Montego Bay Pride started in 2015 as a dream born out of a nightmare.
Two years before our first Pride, Dwayne Jones, a 16-year-old homeless trans youth also known as "Gully Queen," went to a public street dance in the city dressed as she identified. While she was partying with a gay friend, a member of Dwayne's church outed her to the crowd. An angry mob quickly formed around Dwayne and turned on her. They stabbed, shot, and ran over Dwayne's body with a car, threw her corpse into nearby bushes, and then went back to dance. Despite countless eyewitness, no one has ever been arrested for Dwayne's murder.
As a result of that brutal killing, members of Montego Bay's LGBTQ+ communities desperately wanted to create a space where we could celebrate our identities and resilience in safety. We also dreamed that our hometown, where many LGBTQ+ Jamaicans are the backbone of our country's vital tourism industry, would finally respect us for who we are.
For four years, our dream was fulfilled. With the support of local and international organizations -- most notably the Canadian HIV/AIDS Legal Network -- our grassroots festival grew from a small, one-day gathering of about 150 individuals at a private villa to a weeklong festival of over 1,500 people. Last year we even managed to hold Jamaica's first-ever public LGBTQ+ Walk for Rights. Despite public threats and an attempt by former mayor Charles Sinclair to shut down our film festival in 2018, we hosted incident free events with police protection.
But this year the reverie died. Responding to an objection to our planned use of the taxpayer-funded Montego Bay Cultural Center, the current mayor, Homer Davis, banned us from the facility. He claimed the presence of LGBTQ+ people would damage the "sacredness" of the venue.
The decision set off a media firestorm, with news stories and op-eds published in major newspapers about Montego Bay Pride almost every day. The public response was overwhelmingly violent; several individuals openly called for the extermination of LGBTQ+ people by any means necessary. Other venues scheduled to hold events in association with Montego Bay Pride immediately started canceling on us, and we were informed by police that they could not provide protection without extreme expense because of the public's open hostility toward the event. Sadly, they could not spare those resources because several parts of the island are already under crime-related states of emergency.
The planning committee of Montego Bay Pride, therefore, took the painful decision to cancel Pride. We could not risk the safety of the 3,000 people who we had anticipated to participate in this year's festival.
Those of us who were born in Jamaica or call the country home are left with one conclusion: It is not safe for LGBTQ+ people. The actions of our elected officials only contribute to that insecurity. Just like Dwayne Jones, we are being thrown out onto the streets to face deadly mobs because the city refuses to give us a safe space.
When Montego Bay Pride's organizers asked permission from the management of the Cultural Center to hold a short press conference announcing our cancelation, we were turned down.

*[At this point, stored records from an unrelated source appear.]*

lemma tendsto_zero_by_approximation:
  fixes x b :: "nat \<Rightarrow> real" and a :: "nat \<Rightarrow> nat \<Rightarrow> real"
  assumes x: "\<And>k. 0 \<le> x k" and b: "b \<longlonglongrightarrow> 0" and a: "\<And>j. (\<lambda>k. a j k) \<longlonglongrightarrow> 0"
    and bound: "\<And>j k. x k \<le> a j k + b j"
  shows "x \<longlonglongrightarrow> 0"
proof (rule LIMSEQ_I)
  fix r :: real
  assume r: "0 < r"
  obtain j where "b j < r / 2"
    using r order_tendstoD(2)[OF b, of "r / 2"] by (auto simp: eventually_sequentially)
  moreover obtain K where "\<And>k. K \<le> k \<Longrightarrow> a j k < r / 2"
    using r order_tendstoD(2)[OF a[of j], of "r / 2"] by (auto simp: eventually_sequentially)
  ultimately show "\<exists>K. \<forall>k\<ge>K. norm (x k - 0) < r"
    using x bound by (metis add_strict_mono field_sum_of_halves order_le_less_trans real_norm_def
        abs_of_nonneg diff_zero)
qed

definition Lp_integral :: "real \<Rightarrow> 'a::euclidean_space set \<Rightarrow> ('a \<Rightarrow> real) \<Rightarrow> real" where
  "Lp_integral p Q f = (\<integral>x. \<bar>f x\<bar> powr p \<partial>lebesgue_on Q)"

lemma Lp_integral_nonneg: "0 \<le> Lp_integral p Q f"
  unfolding Lp_integral_def by (intro integral_nonneg_AE) auto

lemma Lp_norm_eq_Lp_integral_powr: "Lp_norm p Q f = Lp_integral p Q f powr (1 / p)"
  by (simp add: Lp_norm_def Lp_integral_def)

Since we couldn't use the space, we decided to have our conference in front of the building. As we left the gathering, I was mobbed by angry vendors who circled me, shouted homophobic slurs, and threatened to kill me. I could have been killed right there -- just like Dwayne was -- all because the Cultural Center would not let LGBTQ+ groups in.
Sadly, this is not the first time that I have faced harassment, abuse, and death threats because of my advocacy for LGBTQ+ human rights in Jamaica. I had to flee the country in 2012 when a local paper published an unauthorized photo of my Canadian same-sex wedding and I was inundated with death threats. A student at the university where I taught at the time even published my class schedule in an attempt to encourage violence against me.

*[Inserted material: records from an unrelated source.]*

lemma sum_decomps_restrict:
  fixes r :: nat
  assumes d: "(m, b) \<in> sum_decomps n (\<Sum>j<r. a j)" and j: "j < r"
    and a: "\<And>j j' i. j < r \<Longrightarrow> j' < r \<Longrightarrow> j \<noteq> j' \<Longrightarrow> a j i = 0 \<or> a j' i = 0"
  shows "(m, \<lambda>k i. if a j i \<noteq> 0 then b k i else 0) \<in> sum_decomps n (a j)"
  unfolding sum_decomps_def
proof (clarify)
  fix i assume i: "i < n"
  show "a j i = (\<Sum>k<m. if a j i \<noteq> 0 then b k i else 0)"
  proof (cases "a j i = 0")
    case False
    have "(\<Sum>j'<r. a j' i) = a j i + (\<Sum>j'\<in>{..<r} - {j}. a j' i)"
      using j by (simp add: sum.remove)
    also have "(\<Sum>j'\<in>{..<r} - {j}. a j' i) = 0"
      using j a False by (intro sum.neutral) blast
    finally have "(\<Sum>j'<r. a j' i) = a j i" by simp
    then show ?thesis using d i False by (simp add: sum_decomps_def sum_apply_fun)
  qed simp
qed

text \<open>For disjoint \<open>a\<^sub>j\<close>, every decomposition \<open>\<Sum>\<^sub>k b\<^sub>k\<close> of \<open>\<Sum>\<^sub>j a\<^sub>j\<close> restricts to
  decompositions of the \<open>a\<^sub>j\<close>; Minkowski's inequality then reduces the claim to
  \<open>Phi_n_restrict_lower_est\<close>.\<close>

lemma XL_n_lower_est:
  fixes r :: nat
  assumes M: "\<And>n y. pw_disj n (y::nat \<Rightarrow> 'a) \<Longrightarrow>
      (\<Sum>i<n. norm (y i) powr q) powr (1 / q) \<le> M * norm (\<Sum>i<n. y i)"
    and M0: "0 < M" and q: "1 \<le> q"
    and a: "\<And>j j' i. j < r \<Longrightarrow> j' < r \<Longrightarrow> j \<noteq> j' \<Longrightarrow> a j i = 0 \<or> a j' i = 0"
  shows "(\<Sum>j<r. XL_n T n (a j) powr q) powr (1 / q) \<le> M * XL_n T n (\<Sum>j<r. a j)"
proof -
  have "(\<Sum>j<r. XL_n T n (a j) powr q) powr (1 / q) / M \<le> XL_n T n (\<Sum>j<r. a j)"
  proof (rule XL_n_greatest)
    fix m b assume d: "(m, b) \<in> sum_decomps n (\<Sum>j<r. a j)"
    define bj where "bj k j = (\<lambda>i. if a j i \<noteq> 0 then b k i else 0)" for k j
    have "(m, \<lambda>k. bj k j) \<in> sum_decomps n (a j)" if "j < r" for j
      using sum_decomps_restrict[OF d that a] by (simp add: bj_def)
    then have "(\<Sum>j<r. XL_n T n (a j) powr q) powr (1 / q)
        \<le> (\<Sum>j<r. (\<Sum>k<m. Phi_n T n (bj k j)) powr q) powr (1 / q)"
      using q by (intro sum_powr_root_mono) (auto intro: XL_n_nonneg XL_n_le)
    also have "\<dots> \<le> (\<Sum>k<m. (\<Sum>j<r. Phi_n T n (bj k j) powr q) powr (1 / q))"
      by (rule minkowski_powr_sum[OF q]) (auto intro: Phi_n_nonneg)
    also have "\<dots> \<le> (\<Sum>k<m. M * Phi_n T n (b k))"
      unfolding bj_def using M0 q a
      by (intro sum_mono Phi_n_restrict_lower_est[OF M]) auto
    finally show "(\<Sum>j<r. XL_n T n (a j) powr q) powr (1 / q) / M \<le> (\<Sum>k<m. Phi_n T n (b k))"
      using M0 by (simp add: divide_le_eq mult.commute sum_distrib_left)
  qed
  then show ?thesis using M0 by (simp add: divide_le_eq mult.commute)
qed

lemma lower_est_XL:
  assumes est: "lower_est (UNIV::'a set) norm q" and q: "1 \<le> q"
  shows "lower_est (XL_space T) (XL_norm T) q"
proof -
  obtain M where M: "\<And>n y. pw_disj n (y::nat \<Rightarrow> 'a) \<Longrightarrow>
      (\<Sum>i<n. norm (y i) powr q) powr (1 / q) \<le> M * norm (\<Sum>i<n. y i)"
    using est unfolding lower_est_def by auto
  define M' where "M' = max M 1"
  have M'_est: "(\<Sum>i<n. norm (y i) powr q) powr (1 / q) \<le> M' * norm (\<Sum>i<n. y i)"
    if "pw_disj n (y::nat \<Rightarrow> 'a)" for n y
    using M[OF that] by (rule order_trans) (auto simp: M'_def intro: mult_right_mono)
  have M'0: "0 < M'" by (simp add: M'_def)
  show ?thesis unfolding lower_est_def
  proof (intro exI[of _ M'] allI impI, elim conjE)
    fix r and a :: "nat \<Rightarrow> nat \<Rightarrow> real"
    assume aS: "\<forall>i<r. a i \<in> XL_space T" and "pw_disj r a"
    then have ad: "\<And>j j' i. j < r \<Longrightarrow> j' < r \<Longrightarrow> j \<noteq> j' \<Longrightarrow> a j i = 0 \<or> a j' i = 0"
      by (auto simp: pw_disj_def ldisj_real_fun)
    have "XL_n T n (\<Sum>j<r. a j) \<le> (\<Sum>j<r. XL_norm T (a j))" for n
      using aS by (intro order_trans[OF XL_n_sum] sum_mono XL_n_le_XL_norm) auto
    then have sumS: "(\<Sum>j<r. a j) \<in> XL_space T" by (rule XL_norm_le(2))
    have "(\<lambda>n. (\<Sum>j<r. XL_n T n (a j) powr q) powr (1 / q)) \<longlonglongrightarrow> (\<Sum>j<r. XL_norm T (a j) powr q) powr (1 / q)"
      using q aS by (auto intro!: tendsto_powr' tendsto_sum XL_n_tendsto always_eventually XL_n_nonneg sum_nonneg)
    moreover have "(\<Sum>j<r. XL_n T n (a j) powr q) powr (1 / q) \<le> M' * XL_norm T (\<Sum>j<r. a j)" for n
      using XL_n_lower_est[where M = M' and a = a and r = r, OF M'_est M'0 q ad, of n]
        XL_n_le_XL_norm[OF sumS, of n] M'0
      by (meson mult_left_mono less_imp_le order_trans)
    ultimately show "(\<Sum>i<r. XL_norm T (a i) powr q) powr (1 / q) \<le> M' * XL_norm T (\<Sum>i<r. a i)"
      by (intro LIMSEQ_le_const2) auto
  qed
qed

As someone who already was forced to leave my home because of who I am and now have to work for LGBTQ+ equality from abroad, I know how important it is to fight for your right to exist. That's why LGBTQ+ organizers are calling for a boycott of the Montego Bay Cultural Center for rejecting our press conference. And until the mayor of Montego Bay comes to his senses and recognizes our right to share space with other citizens, we are urging LGBTQ+ tourists and allies to look elsewhere for their vacations. Finally, we are going to sue Mayor Davis and others for breaches of our constitutional rights to freedom of expression, as well as assembly and association.
As a gay Jamaican lobbying for LGBTQ+ human rights over the last two decades, I had hoped that by now my country's politicians would have moved from opposing equality to -- at the bare minimum -- a position of neutrality. Since this is sadly not the case, I hope that all of us will send a message on our behalf to the mayor of Montego Bay and all Jamaica's elected leaders: If our country doesn't learn from its continued persecution of LGBTQ+ people, Jamaica will watch tourism dollars disappear.